Yeah, I quite liked the Arkham Asylum Joker, too (haven't read Frank Miller's). I think I was expecting something more along those lines (including him being a cold-blooded murderer), rather than the focus on Chaos. But, yep, you're right, reinvention is part of the comic book world, and I admitted to being in the minority on Nolan's Joker from the beginning, so it's not like it was a bad choice for them. Just not what I wanted out of it, personally. Again, still a good movie.



Herschel said:


> Actually, he was brilliant, he just underplayed it and leaned on guys like Lucious Fox who were even more technically brilliant. Otherwise, how would he have had time to conceptualize and make all those wonderful toys? In The Dark Knight Rises they show that he was really smarter and more resourceful than even what those closest to him understood.



The end of TDKR definitely showed a glimpse of it, but he was never Batman smart. Like, one of the 1-3 smartest people on the planet smart. I've always loved that about his character. Well, that, and that he always seems to beat his opponents at their own games (he'll solve Riddler's puzzles, he'll out-punch Killer Croc, he'll unravel Joker's madness, etc.).

But, yes, TDKR redeemed him somewhat at the end, there.


Herschel said:


> I get where you're coming from but it just wouldn't have fit in the movie IMO. He had to be feared by the mob, smart enough to be able to fly under the radar for years and yet mastermind an endgoal that would seriously sew chaos in as many corners imaginable. The whimsical Joker isn't as strictly menacing nor able to be played out in a single movie.



You know, the "single movie" thing might be a really good point, actually. The movie was already moving so fast, and still felt thin in a lot of areas (like their treatment of Two-Face). I think that even actually giving Joker all the focus may not have been enough, if they focused more on whimsy. An interesting thought. Thanks for pointing that out.


----------



## MarkB (Jun 25, 2013)

I never felt like the Dark Knight Joker lived up to the way he was presented. There's all the stuff in dialogue about him being an agent of chaos, not being "the man with a plan", and yet every single one of his schemes requires detailed, intricate pre-planning and set-up.

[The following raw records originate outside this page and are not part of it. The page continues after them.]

(* Let $\mathbf D_0\in\mathbb R^{m\times p}$ have unit-norm columns and let $J$ be a random support with $|J|=k$, $\Pr(j\in J)=k/p$ and $\Pr(i,j\in J)=\frac{k(k-1)}{p(p-1)}$ for $i\ne j$. If $k\mu(t)<1/2$, then for any $\mathbf W\in\mathcal W_{\mathbf D_0}$ and $\mathbf v\in\mathcal S^p$, $$\mathbb E_J\big\{\mathrm{Tr}\big([\mathbf D_0]_J^\top(\mathbf I-\mathbf P_J(t))[\mathbf D_0]_J\big)\big\}\ge(1-\mathcal K^2)\frac kpt^2,$$ $$\Big|\mathbb E_J\big\{\mathrm{Tr}\big([\boldsymbol\Theta_J(0)[\mathbf D_0]_J^\top-\boldsymbol\Theta_J(t)[\mathbf D(t)]_J^\top][\mathbf D_0]_J\big)\big\}\Big|\le3Q_t^2\,t\,\frac kp\,|||\mathbf D_0|||_2\,k\mu(t),$$ $$\big|\mathbb E_J\{\mathrm{Tr}(\boldsymbol\Theta_J(0)-\boldsymbol\Theta_J(t))\}\big|\le8Q_t^4\,t\,\frac kp\,|||\mathbf D_0|||_2\,k\mu(t),$$ with $\mathcal K\triangleq C_t(|||\mathbf D_0|||_2\sqrt{k/p}+t)$.
   Context: $\mu_0=\max_{i\ne j}|[\mathbf d_0^i]^\top\mathbf d_0^j|$, $\mu(t)=\mu_0+3t$, $Q_t=1/\sqrt{1-k\mu(t)}$; $\delta_k(\mathbf D_0)$: smallest $\delta$ with $(1-\delta)\|\mathbf z\|^2\le\|[\mathbf D_0]_J\mathbf z\|^2\le(1+\delta)\|\mathbf z\|^2$ for all $|J|=k$; $C_t=1/(\sqrt{1-\delta_k(\mathbf D_0)}-t)$. $\mathcal S^p$ unit sphere; $\mathcal W_{\mathbf D_0}=\{\mathbf W:\mathrm{diag}(\mathbf W^\top\mathbf D_0)=\mathbf 0,\mathrm{diag}(\mathbf W^\top\mathbf W)=\mathbf 1\}$; $\mathbf D(t)=\mathbf D_0\mathrm{Diag}[\cos(\mathbf vt)]+\mathbf W\mathrm{Diag}[\sin(\mathbf vt)]$. $\mathbf M_J$: columns of $\mathbf M$ indexed by $J$; $\boldsymbol\Theta_J(t)=([\mathbf D(t)]_J^\top[\mathbf D(t)]_J)^{-1}$; $\mathbf P_J(t)$ orthogonal projector onto the span of $[\mathbf D(t)]_J$; $|||\cdot|||_2$ spectral norm; $\mathbb E_J$ expectation over $J$ only. *)

theory Defs
  imports "HOL-Analysis.Analysis" "HOL-Probability.Probability"
begin

text \<open>Matrices: an m x p real matrix is a value of type real^'p^'m; its columns are
  indexed by the finite type 'p (so p = CARD('p)), rows by 'm.  A support J is a set of
  column indices; a J-indexed square matrix (such as a Gram matrix restricted to J, or
  its inverse) is represented as a function 'p => 'p => real whose relevant entries are
  those with both indices in J.  The trace of such a matrix is the sum of its diagonal
  entries over J.  Column order inside [M]_J is irrelevant for all quantities below.\<close>

definition orth_proj :: "'a::euclidean_space set \<Rightarrow> 'a \<Rightarrow> 'a" where
  "orth_proj S x = (THE y. y \<in> S \<and> (\<forall>z\<in>S. inner (x - y) z = 0))"

definition gram :: "real^'p^'m \<Rightarrow> 'p \<Rightarrow> 'p \<Rightarrow> real" where
  "gram D i j = inner (column i D) (column j D)"

definition inv_on :: "'p set \<Rightarrow> ('p \<Rightarrow> 'p \<Rightarrow> real) \<Rightarrow> 'p \<Rightarrow> 'p \<Rightarrow> real" where
  "inv_on J A = (THE B. (\<forall>i\<in>J. \<forall>j\<in>J. (\<Sum>l\<in>J. A i l * B l j) = (if i = j then 1 else 0))
                      \<and> (\<forall>i j. i \<notin> J \<or> j \<notin> J \<longrightarrow> B i j = 0))"

definition Theta :: "real^'p^'m \<Rightarrow> 'p set \<Rightarrow> 'p \<Rightarrow> 'p \<Rightarrow> real" where
  "Theta D J = inv_on J (gram D)"

definition projJ :: "real^'p^'m \<Rightarrow> 'p set \<Rightarrow> real^'m \<Rightarrow> real^'m" where
  "projJ D J = orth_proj (span ((\<lambda>j. column j D) ` J))"

definition Dt :: "real^'p^'m \<Rightarrow> real^'p^'m \<Rightarrow> real^'p \<Rightarrow> real \<Rightarrow> real^'p^'m" where
  "Dt D0 W v t = (\<chi> i j. D0$i$j * cos (v$j * t) + W$i$j * sin (v$j * t))"

text \<open>Mutual coherence mu_0 = max_{i~=j} |d_i^T d_j| (taken to be 0 if there is only one column).\<close>
definition mu0 :: "real^'p^'m \<Rightarrow> real" where
  "mu0 D = Max (insert 0 {\<bar>inner (column i D) (column j D)\<bar> | i j. i \<noteq> j})"

definition mu :: "real^'p^'m \<Rightarrow> real \<Rightarrow> real" where
  "mu D t = mu0 D + 3 * t"

definition Qt :: "real^'p^'m \<Rightarrow> nat \<Rightarrow> real \<Rightarrow> real" where
  "Qt D k t = 1 / sqrt (1 - real k * mu D t)"

definition rip :: "real^'p^'m \<Rightarrow> nat \<Rightarrow> real" where
  "rip D k = Inf {\<delta>. \<forall>J (z::'p \<Rightarrow> real). card J = k \<longrightarrow>
      (1 - \<delta>) * (\<Sum>j\<in>J. (z j)\<^sup>2) \<le> (norm (\<Sum>j\<in>J. z j *\<^sub>R column j D))\<^sup>2 \<and>
      (norm (\<Sum>j\<in>J. z j *\<^sub>R column j D))\<^sup>2 \<le> (1 + \<delta>) * (\<Sum>j\<in>J. (z j)\<^sup>2)}"

definition Ct :: "real^'p^'m \<Rightarrow> nat \<Rightarrow> real \<Rightarrow> real" where
  "Ct D k t = 1 / (sqrt (1 - rip D k) - t)"

definition specnorm :: "real^'p^'m \<Rightarrow> real" where
  "specnorm D = onorm (\<lambda>x. D *v x)"

end

theory Submission
  imports Defs
begin

text \<open>
  Write the columns of \<open>D(t)\<close> as \<open>d\<^sub>j(t) = d\<^sub>j + e\<^sub>j\<close>. Then \<open>|e\<^sub>j|\<^sup>2 = 2 - 2 cos (v\<^sub>j t)\<close>, so
  \<open>t\<^sup>2 - t\<^sup>4/12 \<le> \<Sum>\<^sub>j |e\<^sub>j|\<^sup>2 \<le> t\<^sup>2\<close>, and \<open>\<langle>d\<^sub>j(t), e\<^sub>j\<rangle> = |e\<^sub>j|\<^sup>2 / 2\<close>. Each quantity is the expectation
  of a sum over single indices or over pairs of distinct indices of \<open>J\<close>; the marginals of \<open>J\<close> turn
  the former into \<open>k/p\<close> times a sum over all indices and bound the latter by \<open>(k/p)\<^sup>2\<close> times a sum
  over all pairs. The Gram matrices of \<open>[D\<^sub>0]\<^sub>J\<close> and \<open>[D(t)]\<^sub>J\<close> have unit diagonal and off-diagonal
  entries at most \<open>\<mu>(t)\<close>, so by diagonal dominance their inverses have diagonal entries at most
  \<open>Q\<^sub>t\<^sup>2\<close> and off-diagonal entries at most \<open>\<mu>(t) Q\<^sub>t\<^sup>2\<close>.

  (1) The residual \<open>\<langle>d\<^sub>j, (I - P\<^sub>J) d\<^sub>j\<rangle>\<close> equals \<open>|e\<^sub>j|\<^sup>2 - |P\<^sub>J e\<^sub>j|\<^sup>2\<close>, and the restricted isometry
  property of \<open>D\<^sub>0\<close>, perturbed by at most \<open>t\<close>, gives \<open>|P\<^sub>J u|\<^sup>2 \<le> C\<^sub>t\<^sup>2 \<Sum>\<^bsub>l\<in>J\<^esub> \<langle>d\<^sub>l(t), u\<rangle>\<^sup>2\<close>.
  (2) Both traces \<open>Tr(\<Theta>\<^sub>J G\<^sub>J)\<close> equal \<open>k\<close>, so the difference is \<open>\<Sum>\<^bsub>i,l\<^esub> \<Theta>\<^sub>J(t)\<^bsub>il\<^esub> \<langle>d\<^sub>l(t), e\<^sub>i\<rangle>\<close>.
  (3) \<open>\<Theta>\<^sub>J(0) - \<Theta>\<^sub>J(t) = \<Theta>\<^sub>J(0) (G\<^sub>J(t) - G\<^sub>J(0)) \<Theta>\<^sub>J(t)\<close>, and \<open>G\<^sub>J(t) - G\<^sub>J(0)\<close> vanishes on
  the diagonal, so only pairs of distinct indices contribute.
\<close>

section \<open>Elementary estimates\<close>

lemma cos_ge_one_minus_half_square: "1 - x\<^sup>2 / 2 \<le> cos (x::real)"
proof -
  obtain s where "cos x = (\<Sum>m<2. cos_coeff m * x ^ m) + (cos (s + 1/2 * real 2 * pi) / fact 2) * x ^ 2"
    using Maclaurin_cos_expansion by blast
  moreover have "(\<Sum>m<2. cos_coeff m * x ^ m) = 1"
    by (simp add: eval_nat_numeral cos_coeff_def)
  moreover have "-1 * x\<^sup>2 \<le> cos (s + 1/2 * real 2 * pi) * x\<^sup>2"
    by (rule mult_right_mono) simp_all
  ultimately show ?thesis by (simp add: fact_numeral)
qed

lemma cos_le_quartic_taylor: "cos (x::real) \<le> 1 - x\<^sup>2 / 2 + x ^ 4 / 24"
proof -
  obtain s where "cos x = (\<Sum>m<4. cos_coeff m * x ^ m) + (cos (s + 1/2 * real 4 * pi) / fact 4) * x ^ 4"
    using Maclaurin_cos_expansion by blast
  moreover have "(\<Sum>m<4. cos_coeff m * x ^ m) = 1 - x\<^sup>2 / 2"
    by (simp add: eval_nat_numeral cos_coeff_def, presburger)
  moreover have "cos (s + 1/2 * real 4 * pi) * x ^ 4 \<le> 1 * x ^ 4"
    by (rule mult_right_mono) simp_all
  ultimately show ?thesis by (simp add: fact_numeral)
qed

He claims to want to sow chaos, and yet he'd be helpless in a chaotic world - each of his schemes relies upon people acting in predictable, socially-programmed ways, and the moment they don't do so, his schemes fall apart.

Heath Ledger's performance is excellent, and the character has a lot of screen presence, but he never quite felt real to me.


----------



## Everett (Jun 25, 2013)

MarkB said:


> I never felt like the Dark Knight Joker lived up to the way he was presented. There's all the stuff in dialogue about him being an agent of chaos, not being "the man with a plan", and yet every single one of his schemes requires detailed, intricate pre-planning and set-up.
> 
> He claims to want to sow chaos, and yet he'd be helpless in a chaotic world - each of his schemes relies upon people acting in predictable, socially-programmed ways, and the moment they don't do so, his schemes fall apart.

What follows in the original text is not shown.